Comparable viral decay with initial dolutegravir plus lamivudine versus dolutegravir-based triple therapy

Jason Gillman, Patrick Janulis, Roy Gulick, Carole L. Wallis, Baiba Berzins, Roger Bedimo, Kimberly Smith, Michael Aboud, Babafemi Taiwo

Research output: Contribution to journalArticle

Abstract

OBJECTIVES: To expand understanding of the virological potency of initial dolutegravir plus lamivudine dual therapy (dolutegravir/lamivudine), we compared the viral decay seen in the pilot ACTG A5353 study with the decay observed with dolutegravir plus two NRTIs in the SPRING-1 and SINGLE studies, while also exploring the impact of baseline viral load (VL).
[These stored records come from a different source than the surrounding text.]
(* Let $\varepsilon>0$ and $\zeta\in(0,1/2]$. There exists an $\varepsilon$-DP (event-level) continual mechanism for the data structure version of incremental monotone symmetric norm estimation on $n$ elements and streams of length $T$ with multiplicative error $1+\zeta$ and additive error $\tilde O\big(\frac{\log^6(nT)}{\varepsilon^2\zeta^5}\big)\cdot L(e_1)$: with probability at least $2/3$, simultaneously for all time steps $t$ and all monotone symmetric norms $L$ on $\mathbb R^n$, the answer $\mathfrak d^t(L)$ satisfies $(1+\zeta)^{-1}L(f^t)-\alpha L(e_1)\le\mathfrak d^t(L)\le(1+\zeta)L(f^t)+\alpha L(e_1)$ with $\alpha=\tilde O(\log^6(nT)/(\varepsilon^2\zeta^5))$.
   Context: Incremental streams over universe $[n]\cup\{\bot\}$: each update inserts one element of $[n]$ or is the empty element $\bot$; $f^t\in\mathbb N^n$ is the frequency vector after $t$ updates. A norm $L$ on $\mathbb R^n$ is monotone if $|f_i|\le|f'_i|$ for all $i$ implies $L(f)\le L(f')$, and symmetric if $L$ is invariant under permuting coordinates; $e_1=(1,0,\dots,0)$. Data structure version of monotone symmetric norm estimation: at each time $t$ the mechanism maintains a data structure $\mathfrak d^t$ which, queried with any monotone symmetric norm $L$, returns an estimate $\mathfrak d^t(L)$ of $L(f^t)$. Privacy is with respect to the entire released data structures (all possible query answers) over all time steps. Two streams are event-level neighboring if they differ in at most one time step; $\varepsilon$-DP means $\Pr[\mathcal A(u)\in S]\le e^\varepsilon\Pr[\mathcal A(v)\in S]$ for all neighbors and output sets $S$. $\tilde O$ hides lower-order polylogarithmic factors (e.g. in $\log(nT)$, $1/\varepsilon$, $1/\zeta$). *)

theory Defs
  imports "HOL-Probability.Probability"
begin

text \<open>Vectors of R^n are represented as functions nat => real vanishing outside {0..<n};
  coordinate i (0-based) corresponds to universe element i+1 of [n].\<close>
definition rvec :: "nat \<Rightarrow> (nat \<Rightarrow> real) set" where
  "rvec n = {v. \<forall>i\<ge>n. v i = 0}"

definition is_norm_on :: "nat \<Rightarrow> ((nat \<Rightarrow> real) \<Rightarrow> real) \<Rightarrow> bool" where
  "is_norm_on n L \<longleftrightarrow>
     (\<forall>v\<in>rvec n. L v = 0 \<longleftrightarrow> v = (\<lambda>_. 0)) \<and>
     (\<forall>v\<in>rvec n. \<forall>c::real. L (\<lambda>i. c * v i) = \<bar>c\<bar> * L v) \<and>
     (\<forall>v\<in>rvec n. \<forall>w\<in>rvec n. L (\<lambda>i. v i + w i) \<le> L v + L w)"

definition monotone_norm_on :: "nat \<Rightarrow> ((nat \<Rightarrow> real) \<Rightarrow> real) \<Rightarrow> bool" where
  "monotone_norm_on n L \<longleftrightarrow>
     (\<forall>v\<in>rvec n. \<forall>w\<in>rvec n. (\<forall>i<n. \<bar>v i\<bar> \<le> \<bar>w i\<bar>) \<longrightarrow> L v \<le> L w)"

definition symmetric_norm_on :: "nat \<Rightarrow> ((nat \<Rightarrow> real) \<Rightarrow> real) \<Rightarrow> bool" where
  "symmetric_norm_on n L \<longleftrightarrow>
     (\<forall>v\<in>rvec n. \<forall>\<sigma>. \<sigma> permutes {..<n} \<longrightarrow> L (v \<circ> \<sigma>) = L v)"

definition mon_sym_norm :: "nat \<Rightarrow> ((nat \<Rightarrow> real) \<Rightarrow> real) \<Rightarrow> bool" where
  "mon_sym_norm n L \<longleftrightarrow> is_norm_on n L \<and> monotone_norm_on n L \<and> symmetric_norm_on n L"

definition e1 :: "nat \<Rightarrow> real" where
  "e1 = (\<lambda>i. if i = 0 then 1 else 0)"

text \<open>Streams: lists of updates; Some i inserts element i (i < n), None is the empty element.\<close>
definition valid_stream :: "nat \<Rightarrow> nat \<Rightarrow> nat option list \<Rightarrow> bool" where
  "valid_stream n T xs \<longleftrightarrow> length xs = T \<and> (\<forall>x\<in>set xs. x = None \<or> (\<exists>i<n. x = Some i))"

definition freq :: "nat option list \<Rightarrow> nat \<Rightarrow> nat \<Rightarrow> real" where
  "freq xs t i = real (card {j. j < t \<and> j < length xs \<and> xs ! j = Some i})"

definition neighboring :: "nat option list \<Rightarrow> nat option list \<Rightarrow> bool" where
  "neighboring xs ys \<longleftrightarrow> length xs = length ys \<and>
     card {j. j < length xs \<and> xs ! j \<noteq> ys ! j} \<le> 1"

text \<open>A released data structure answers every query L (a function on vectors).
  The output of a mechanism on a stream is the sequence of data structures, indexed by time.\<close>
type_synonym dstruct = "((nat \<Rightarrow> real) \<Rightarrow> real) \<Rightarrow> real"
type_synonym mechanism = "nat option list \<Rightarrow> (nat \<Rightarrow> dstruct) pmf"

definition prefix_output :: "nat \<Rightarrow> (nat \<Rightarrow> dstruct) \<Rightarrow> (nat \<Rightarrow> dstruct)" where
  "prefix_output t out = (\<lambda>s. if s \<le> t then out s else (\<lambda>_. 0))"

definition continual :: "nat \<Rightarrow> nat \<Rightarrow> mechanism \<Rightarrow> bool" where
  "continual n T M \<longleftrightarrow> (\<forall>xs ys t. valid_stream n T xs \<and> valid_stream n T ys \<and>
      take t xs = take t ys \<longrightarrow>
      map_pmf (prefix_output t) (M xs) = map_pmf (prefix_output t) (M ys))"

definition event_level_dp :: "nat \<Rightarrow> nat \<Rightarrow> real \<Rightarrow> mechanism \<Rightarrow> bool" where
  "event_level_dp n T \<epsilon> M \<longleftrightarrow> (\<forall>xs ys S. valid_stream n T xs \<and> valid_stream n T ys \<and>
      neighboring xs ys \<longrightarrow>
      measure_pmf.prob (M xs) S \<le> exp \<epsilon> * measure_pmf.prob (M ys) S)"

definition accurate_output :: "nat \<Rightarrow> nat \<Rightarrow> real \<Rightarrow> real \<Rightarrow> nat option list \<Rightarrow> (nat \<Rightarrow> dstruct) \<Rightarrow> bool" where
  "accurate_output n T \<zeta> \<alpha> xs out \<longleftrightarrow>
     (\<forall>t\<in>{1..T}. \<forall>L. mon_sym_norm n L \<longrightarrow>
        L (freq xs t) / (1 + \<zeta>) - \<alpha> * L e1 \<le> out t L \<and>
        out t L \<le> (1 + \<zeta>) * L (freq xs t) + \<alpha> * L e1)"

end

theory Submission
  imports Defs
begin

text \<open>A neighbouring stream changes every top-k sum of the frequency vector by at most one.
  For every point (c, a) of a logarithmic grid, the mechanism runs an above-threshold test of
  the sum of the k_c largest frequencies against the threshold (1 + \<zeta>/4)^a, with one-sided
  geometric noise, and releases only a function of the stopping times. Raising the threshold
  noise by 1 and the noise at the stopping time by 2 is an injective map of noise vectors that
  reproduces the stopping times on the neighbour at a pmf cost of at most exp \<epsilon>; this gives
  \<epsilon>-DP.

  The stopping times yield upper bounds U_k on all top-k sums that are tight up to the factor
  1 + \<zeta> and the additive term 3E, where E bounds all noise values with probability 2/3 and is
  polylogarithmic. A query L is answered by the supremum of L over the nonnegative vectors whose
  top-k sums are at most U_k. By Ky Fan dominance (a monotone symmetric norm is monotone under
  domination of all top-k sums), and since adding 3E to a largest coordinate raises every top-k
  sum by 3E, this supremum lies between L(f) and (1 + \<zeta>) L(f) + 3E L(e_1).\<close>

section \<open>Ky Fan dominance\<close>

lemma norm_on_zero: "is_norm_on n L \<Longrightarrow> L (\<lambda>_. 0) = 0"
  unfolding is_norm_on_def rvec_def by simp

lemma rvec_scale: "v \<in> rvec n \<Longrightarrow> (\<lambda>i. c * v i) \<in> rvec n"
  by (simp add: rvec_def)

lemma rvec_add: "v \<in> rvec n \<Longrightarrow> w \<in> rvec n \<Longrightarrow> (\<lambda>i. v i + w i) \<in> rvec n"
  by (simp add: rvec_def)

lemma rvec_comp_permutes: "v \<in> rvec n \<Longrightarrow> \<sigma> permutes {..<n} \<Longrightarrow> v \<circ> \<sigma> \<in> rvec n"
  unfolding rvec_def by (auto simp: permutes_def)

lemma norm_on_homogeneous:
  "is_norm_on n L \<Longrightarrow> v \<in> rvec n \<Longrightarrow> L (\<lambda>i. c * v i) = \<bar>c\<bar> * L v"
  unfolding is_norm_on_def by blast

lemma norm_on_triangle:
  "is_norm_on n L \<Longrightarrow> v \<in> rvec n \<Longrightarrow> w \<in> rvec n \<Longrightarrow> L (\<lambda>i. v i + w i) \<le> L v + L w"
  unfolding is_norm_on_def by blast

lemma norm_on_nonneg:
  assumes L: "is_norm_on n L" and v: "v \<in> rvec n"
  shows "0 \<le> L v"
proof -
  have "0 = L (\<lambda>i. v i + (-1) * v i)" using norm_on_zero[OF L] by simp
  also have "\<dots> \<le> L v + L (\<lambda>i. (-1) * v i)" using norm_on_triangle[OF L v rvec_scale[OF v]] .
  also have "\<dots> = 2 * L v" using norm_on_homogeneous[OF L v, of "-1"] by simp
  finally show ?thesis by simp
qed

definition unit_vec :: "nat \<Rightarrow> nat \<Rightarrow> real" where
  "unit_vec j = (\<lambda>i. if i = j then 1 else 0)"

lemma unit_vec_rvec: "j < n \<Longrightarrow> unit_vec j \<in> rvec n"
  unfolding rvec_def unit_vec_def by auto

lemma sum_unit_vec: "finite A \<Longrightarrow> sum (unit_vec j) A = (if j \<in> A then 1 else 0)"
  unfolding unit_vec_def by (simp add: sum.delta)

lemma mon_sym_norm_unit_vec:
  assumes L: "mon_sym_norm n L" and j: "j < n"
  shows "L (unit_vec j) = L e1"
proof -
  have swap: "Transposition.transpose 0 j permutes {..<n}" using j by (intro permutes_swap_id) auto
  have "unit_vec j = e1 \<circ> Transposition.transpose 0 j"
    unfolding unit_vec_def e1_def by (auto simp: Transposition.transpose_def)
  moreover have "e1 \<in> rvec n" using j unfolding rvec_def e1_def by auto
  ultimately show ?thesis
    using L swap unfolding mon_sym_norm_def symmetric_norm_on_def by metis
qed

lemma mon_sym_norm_mono:
  assumes "mon_sym_norm n L" "v \<in> rvec n" "w \<in> rvec n" "\<forall>i<n. 0 \<le> v i" "\<forall>i<n. v i \<le> w i"
  shows "L v \<le> L w"
proof -
  have "\<forall>i<n. \<bar>v i\<bar> \<le> \<bar>w i\<bar>" using assms(4,5) by force
  then show ?thesis using assms(1-3) unfolding mon_sym_norm_def monotone_norm_on_def by blast
qed

definition mass_transfer :: "(nat \<Rightarrow> real) \<Rightarrow> nat \<Rightarrow> nat \<Rightarrow> real \<Rightarrow> nat \<Rightarrow> real" where
  "mass_transfer y j l d = (\<lambda>i. y i - d * unit_vec j i + d * unit_vec l i)"

lemma mass_transfer_apply:
  "j \<noteq> l \<Longrightarrow> mass_transfer y j l d i = (if i = j then y j - d else if i = l then y l + d else y i)"
  by (simp add: mass_transfer_def unit_vec_def)

lemma mass_transfer_rvec: "y \<in> rvec n \<Longrightarrow> j < n \<Longrightarrow> l < n \<Longrightarrow> mass_transfer y j l d \<in> rvec n"
  unfolding rvec_def mass_transfer_def unit_vec_def by auto

text \<open>Moving mass d from a larger coordinate j to a smaller one l is a convex combination
  of y and y with j and l swapped.\<close>
lemma mon_sym_norm_mass_transfer_le:
  assumes L: "mon_sym_norm n L" and y: "y \<in> rvec n" and jl: "j < n" "l < n" "j \<noteq> l"
    and d: "0 \<le> d" "d \<le> y j - y l"
  shows "L (mass_transfer y j l d) \<le> L y"
proof -
  have norm: "is_norm_on n L" and sym: "symmetric_norm_on n L"
    using L by (auto simp: mon_sym_norm_def)
  define \<mu> where "\<mu> = d / (y j - y l)"
  have \<mu>: "0 \<le> \<mu>" "\<mu> \<le> 1" "\<mu> * (y j - y l) = d"
    using d by (auto simp: \<mu>_def divide_le_eq_1)
  define z where "z = y \<circ> Transposition.transpose j l"
  have swap: "Transposition.transpose j l permutes {..<n}" using jl by (intro permutes_swap_id) auto
  have z: "z \<in> rvec n" "L z = L y"
    using rvec_comp_permutes[OF y swap] sym y swap unfolding z_def symmetric_norm_on_def by auto
  have "mass_transfer y j l d = (\<lambda>i. (1 - \<mu>) * y i + \<mu> * z i)"
    using jl(3) \<mu>(3)
    by (auto simp: mass_transfer_apply z_def Transposition.transpose_def algebra_simps)
  then have "L (mass_transfer y j l d) = L (\<lambda>i. (1 - \<mu>) * y i + \<mu> * z i)" by simp
  also have "\<dots> \<le> L (\<lambda>i. (1 - \<mu>) * y i) + L (\<lambda>i. \<mu> * z i)"
    by (rule norm_on_triangle[OF norm rvec_scale[OF y] rvec_scale[OF z(1)]])
  also have "\<dots> = L y"
    using norm_on_homogeneous[OF norm y, of "1 - \<mu>"] norm_on_homogeneous[OF norm z(1), of \<mu>] \<mu> z(2)
    by (simp add: algebra_simps)
  finally show ?thesis .
qed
METHODS: Change in VL from baseline was calculated for timepoints shared by A5353 (n = 120, including 37 participants with pretreatment VL >100000 copies/mL), SPRING-1 (n = 51) and SINGLE (n = 417). The 95% CIs of change from baseline were determined for each observed week, using the mean log10-transformed VL, and compared between the dolutegravir/lamivudine and triple therapy groups using the Wilcoxon Rank Sum test for non-inferiority (δ = 0.5). To assess the impact of baseline VL on viral decay, we examined a bi-exponential non-linear mixed-effect model. RESULTS: The mean VL change from baseline to week 24 was -2.9 log10 copies/mL for dolutegravir/lamivudine versus -3.0 log10 copies/mL for dolutegravir-based three-drug therapy (P < 0.001). In the decay model, baseline VL >100000 copies/mL was associated with a slower initial decay rate (d1). A faster initial decay rate was seen with dolutegravir/lamivudine, which was partially offset when baseline VL was >100000 copies/mL as indicated by a significant interaction between baseline VL and drug therapy group. The secondary decay rate (d2) was not significantly different from zero, with no significant associations. CONCLUSIONS: Viral decay with dolutegravir/lamivudine was comparable to viral decay with dolutegravir-based triple therapy, even in individuals with higher pretreatment VL (>100000 copies/mL).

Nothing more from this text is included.